“The exercise of a little power for a limited time with the ever-present danger of annihilation”. Me on the Lib Dems’ prospects in Coalition. In 2009.
by Stephen Tall on June 12, 2012
A chance Google search caused me to re-read one of my old blog-posts today, from March 2009 — That hoary old Hung Parliament chestnut — 14 months before the last general election and the formation of the first post-war Coalition government. Parts of it have aged badly, for instance:
… I have little doubt that party members would vote down any deal, unless it came with the promise of propertional representation as a package of reform measures – and that’s not going to be offered by either Labour or the Tories. … the really interesting hung Parliament scenario is not ‘who will the Lib Dems do a deal with’ (because the answer is no-one). No, the really interesting question is ‘what happens when the Lib Dems refuse to do a deal with anyone?’.

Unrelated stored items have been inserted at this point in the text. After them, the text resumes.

lemma regular_elem_Mat_ring_supported:
  fixes ty :: "'a :: ring_1 itself"
  assumes reg: "vN_regular ty" and I: "finite I" and J: "finite J"
  shows "A \<in> carrier_mat n n \<Longrightarrow> diag_proj n I * A = A \<Longrightarrow> A * diag_proj n J = A
    \<Longrightarrow> regular_elem (Mat_ring ty n) A"
  using I
proof (induction I arbitrary: A rule: finite_induct)
  case empty
  interpret M: ring "Mat_ring ty n" by (rule ring_Mat_ring)
  have "A = 0\<^sub>m n n" using empty.prems by (simp add: diag_proj_empty)
  thus ?case using M.regular_elem_zero by (simp add: ring_mat_simps)
next
  case (insert i I)
  interpret M: ring "Mat_ring ty n" by (rule ring_Mat_ring)
  let ?P = "diag_proj n :: nat set \<Rightarrow> 'a mat"
  have A: "A \<in> carrier_mat n n" and col: "A * ?P J = A" using insert.prems by auto
  have "A = (?P {i} + ?P I) * A"
    using insert.prems(2)[unfolded diag_proj_insert[OF insert.hyps(2)]] by (rule sym)
  also have "\<dots> = ?P {i} * A + ?P I * A" by (rule add_mult_distrib_mat[OF _ _ A]) auto
  finally have split: "A = ?P {i} * A + ?P I * A" .
  have "?P {i} * (?P {i} * A) = ?P {i} * A"
    using A by (simp flip: assoc_mult_mat[of "?P {i}" n n "?P {i}" n A n])
  moreover have "?P {i} * A * ?P J = ?P {i} * A"
    using A col by (simp add: assoc_mult_mat[of "?P {i}" n n A n "?P J" n])
  ultimately have "regular_elem (Mat_ring ty n) (?P {i} * A)"
    using A by (intro regular_elem_Mat_ring_single_row[OF reg J]) auto
  thus ?case
    by (intro M.regular_elem_split_left[of A "?P {i}" "?P I" "?P J"])
      (use A col split insert.IH in \<open>auto simp: ring_mat_simps\<close>)
qed

lemma regular_ring_Mat_ring:
  fixes ty :: "'a :: ring_1 itself"
  assumes "vN_regular ty"
  shows "regular_ring (Mat_ring ty n)"
  unfolding regular_ring_def ring_mat_simps
  using regular_elem_Mat_ring_supported[OF assms, of "{..<n}" "{..<n}"] by (simp add: diag_proj_lessThan)
(* Let $d\ge2$. (1) If $y,y_0\in Y_d$ are such that $\tau_{y_0}\in\overline{A_{d+1}\tau_y}$ and $y_0$ is L, then $y$ is L. (2) If $x,x_0\in X_d$ are such that $x_0\in\overline{A_dx}$ and $x_0$ is GL, then $x$ is GL.
   Context: $X_k$ is the space of unimodular lattices in $\mathbb{R}^k$ ($\cong SL_k(\mathbb{R})/SL_k(\mathbb{Z})$, coset of $g$ = lattice spanned by the columns of $g$), with quotient topology. $Y_d$ is the space of grids $x+v$ ($x\in X_d$, $v\in\mathbb{R}^d$). The embedding $\tau:Y_d\to X_{d+1}$ sends the grid $y=\bar g+v$ ($\bar g$ the lattice spanned by columns of $g\in SL_d(\mathbb{R})$) to the lattice $\tau_y=\begin{pmatrix} g& v\\0&1\end{pmatrix}SL_{d+1}(\mathbb{Z})$, i.e. $\tau_y=\{(u+nv,n)^t: u\in\bar g,\ n\in\mathbb{Z}\}$. $A_k$ is the group of positive diagonal $k\times k$ matrices of determinant one. For $w\in\mathbb{R}^d$, $N(w)=\prod_iw_i$; for a grid $y$, $N(y)=\inf\{|N(w)|:w\in y\}$ and $n(x+v)=x+nv$. A grid $y$ is L if $\inf_{n\neq0}|nN(ny)|=0$; a lattice $x\in X_d$ is GL if every grid $x+v$ ($v\in\mathbb{R}^d$) is L. *)

theory Defs
  imports "HOL-Analysis.Analysis"
begin

definition quotient_topology :: "'a topology \<Rightarrow> ('a \<Rightarrow> 'b) \<Rightarrow> 'b topology" where
  "quotient_topology X q =
     topology (\<lambda>U. U \<subseteq> q ` topspace X \<and> openin X {x \<in> topspace X. q x \<in> U})"

lemma istopology_quotient:
  "istopology (\<lambda>U. U \<subseteq> q ` topspace X \<and> openin X {x \<in> topspace X. q x \<in> U})"
  unfolding istopology_def
proof (rule conjI)
  show "\<forall>S T. S \<subseteq> q ` topspace X \<and> openin X {x \<in> topspace X. q x \<in> S} \<longrightarrow>
      T \<subseteq> q ` topspace X \<and> openin X {x \<in> topspace X. q x \<in> T} \<longrightarrow>
      S \<inter> T \<subseteq> q ` topspace X \<and> openin X {x \<in> topspace X. q x \<in> S \<inter> T}"
  proof (intro allI impI)
    fix S T assume S: "S \<subseteq> q ` topspace X \<and> openin X {x \<in> topspace X. q x \<in> S}"
      and T: "T \<subseteq> q ` topspace X \<and> openin X {x \<in> topspace X. q x \<in> T}"
    have eq: "{x \<in> topspace X. q x \<in> S \<inter> T} =
          {x \<in> topspace X. q x \<in> S} \<inter> {x \<in> topspace X. q x \<in> T}" by blast
    have "openin X ({x \<in> topspace X. q x \<in> S} \<inter> {x \<in> topspace X. q x \<in> T})"
      using S T by (intro openin_Int) simp_all
    then show "S \<inter> T \<subseteq> q ` topspace X \<and> openin X {x \<in> topspace X. q x \<in> S \<inter> T}"
      using S eq by (simp add: le_infI1)
  qed
next
  show "\<forall>K. (\<forall>U\<in>K. U \<subseteq> q ` topspace X \<and> openin X {x \<in> topspace X. q x \<in> U}) \<longrightarrow>
      \<Union>K \<subseteq> q ` topspace X \<and> openin X {x \<in> topspace X. q x \<in> \<Union>K}"
  proof (intro allI impI)
    fix K assume K: "\<forall>U\<in>K. U \<subseteq> q ` topspace X \<and> openin X {x \<in> topspace X. q x \<in> U}"
    have eq: "{x \<in> topspace X. q x \<in> \<Union>K} = (\<Union>U\<in>K. {x \<in> topspace X. q x \<in> U})" by blast
    have "openin X (\<Union>U\<in>K. {x \<in> topspace X. q x \<in> U})"
      using K by (intro openin_Union) blast
    then have "openin X {x \<in> topspace X. q x \<in> \<Union>K}" using eq by simp
    moreover have "\<Union>K \<subseteq> q ` topspace X" using K by blast
    ultimately show "\<Union>K \<subseteq> q ` topspace X \<and> openin X {x \<in> topspace X. q x \<in> \<Union>K}" by blast
  qed
qed

lemma openin_quotient_topology:
  "openin (quotient_topology X q) U \<longleftrightarrow>
     U \<subseteq> q ` topspace X \<and> openin X {x \<in> topspace X. q x \<in> U}"
  unfolding quotient_topology_def topology_inverse'[OF istopology_quotient] ..

definition lat_of :: "real^'k^'k \<Rightarrow> (real^'k) set" where
  "lat_of g = {g *v z | z. \<forall>i. z $ i \<in> \<int>}"

definition SLR :: "(real^'k^'k) set" where
  "SLR = {g. det g = 1}"

text \<open>X_k = SL_k(R)/SL_k(Z), with the quotient topology.\<close>
definition Xspace :: "(real^'k) set set" where
  "Xspace = lat_of ` SLR"

definition Xtop :: "(real^'k) set topology" where
  "Xtop = quotient_topology (subtopology euclidean SLR) lat_of"

definition Adiag :: "(real^'k^'k) set" where
  "Adiag = {(\<chi> i j. if i = j then a $ i else 0) | a. (\<forall>i. a $ i > 0) \<and> (\<Prod>i\<in>UNIV. a $ i) = 1}"

definition act :: "real^'k^'k \<Rightarrow> (real^'k) set \<Rightarrow> (real^'k) set" where
  "act a x = (\<lambda>u. a *v u) ` x"

definition orbitA :: "(real^'k) set \<Rightarrow> (real^'k) set set" where
  "orbitA x = {act a x | a. a \<in> Adiag}"

definition grid :: "real^'d^'d \<Rightarrow> real^'d \<Rightarrow> (real^'d) set" where
  "grid g v = (\<lambda>u. u + v) ` lat_of g"

definition Nvec :: "real^'d \<Rightarrow> real" where
  "Nvec w = (\<Prod>i\<in>UNIV. w $ i)"

definition Ngrid :: "(real^'d) set \<Rightarrow> real" where
  "Ngrid y = Inf {\<bar>Nvec w\<bar> | w. w \<in> y}"

definition is_L :: "real^'d^'d \<Rightarrow> real^'d \<Rightarrow> bool" where
  "is_L g v \<longleftrightarrow> Inf {\<bar>real_of_int n * Ngrid (grid g (of_int n *\<^sub>R v))\<bar> | n::int. n \<noteq> 0} = 0"

definition is_GL :: "(real^'d) set \<Rightarrow> bool" where
  "is_GL x \<longleftrightarrow> (\<forall>g v. det g = 1 \<and> lat_of g = x \<longrightarrow> is_L g v)"

text \<open>R^{d+1} is modelled as real^('d option); None is the last coordinate.\<close>
definition tau_mat :: "real^'d^'d \<Rightarrow> real^'d \<Rightarrow> real^('d option)^('d option)" where
  "tau_mat g v = (\<chi> i j. case i of
      Some a \<Rightarrow> (case j of Some b \<Rightarrow> g $ a $ b | None \<Rightarrow> v $ a)
    | None \<Rightarrow> (case j of Some b \<Rightarrow> 0 | None \<Rightarrow> 1))"

definition tau :: "real^'d^'d \<Rightarrow> real^'d \<Rightarrow> (real^('d option)) set" where
  "tau g v = lat_of (tau_mat g v)"

end

theory Submission
  imports Defs
begin
text \<open>The plane of order 2: there \<open>l\<close> and the parallel through \<open>b\<close> cover the plane, so
  \<open>add_via_indep\<close> finds no intermediate auxiliary point and needs this instead.\<close>

lemma two_points_if_parallels_cover:
  assumes "l \<in> L" "m \<in> L" "l \<inter> m = {}" "\<And>X. X \<in> l \<or> X \<in> m"
    and "Z \<in> l" "X \<in> l" "Y \<in> l" "X \<noteq> Z" "Y \<noteq> Z"
  shows "X = Y"
proof -
  obtain b c where bc: "b \<noteq> c" "b \<in> m" "c \<in> m"
    using line_has_two_points[OF assms(2)] by blast
  have off: "b \<notin> l" "c \<notin> l" "Z \<notin> m" "X \<notin> m" "Y \<notin> m"
    using assms bc by auto
  have disjoint: "line L c W \<inter> line L Z b = {}" if "W \<in> l" "W \<noteq> Z" for W
  proof -
    have "W \<notin> m" using that assms(3) by auto
    have "y \<notin> l" if "y \<in> line L c W" "y \<in> line L Z b" for y
      using line_off_inter_eq[OF assms(1) \<open>W \<in> l\<close> off(2), of y]
        line_off_inter_eq[OF assms(1,5) off(1), of y] that line_commute \<open>W \<noteq> Z\<close> by metis
    moreover have "y \<notin> m" if "y \<in> line L c W" "y \<in> line L Z b" for y
      using line_off_inter_eq[OF assms(2) bc(3) \<open>W \<notin> m\<close>, of y]
        line_off_inter_eq[OF assms(2) bc(2) off(3), of y] that line_commute bc(1) by metis
    ultimately show ?thesis using assms(4) by blast
  qed
  have "c \<notin> line L Z b"
    using line_off_inter_eq[OF assms(2) bc(2) off(3) bc(3)] line_commute bc(1) by metis
  moreover have "Z \<noteq> b" "c \<noteq> X" "c \<noteq> Y" using off assms by auto
  ultimately have "line L c X = line L c Y"
    using playfair[OF line_in_L[of Z b]] disjoint[of X] disjoint[of Y] assms line_in_L
      left_in_line by metis
  then show ?thesis
    using line_off_inter_eq[OF assms(1,6) off(2) assms(7)] right_in_line[OF \<open>c \<noteq> Y\<close>] line_commute
    by metis
qed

Other parts of it have, alas, aged slightly more prophetically:
Surely it’s not so very hard to see why the party and its leadership approaches the prospect [of a Hung Parliament] with caution rather than relish? After all, last time the third party propped up the government of the day under a first-past-the-post system (the Liberals in 1977-79), it didn’t exactly do wonders for our electoral standing. That’s not to say we shouldn’t as a party be anxious to get our hands dirty pulling the levers of power; but let’s be realistic about the risks, eh? The fear is a simple and potent one: seem to favour either Tories or Labour, and we split our own party and antagonise the voters of the party we didn’t pick. Net result to the Lib Dems: the exercise of a little power for a limited time with the ever-present danger of annihilation at the next election.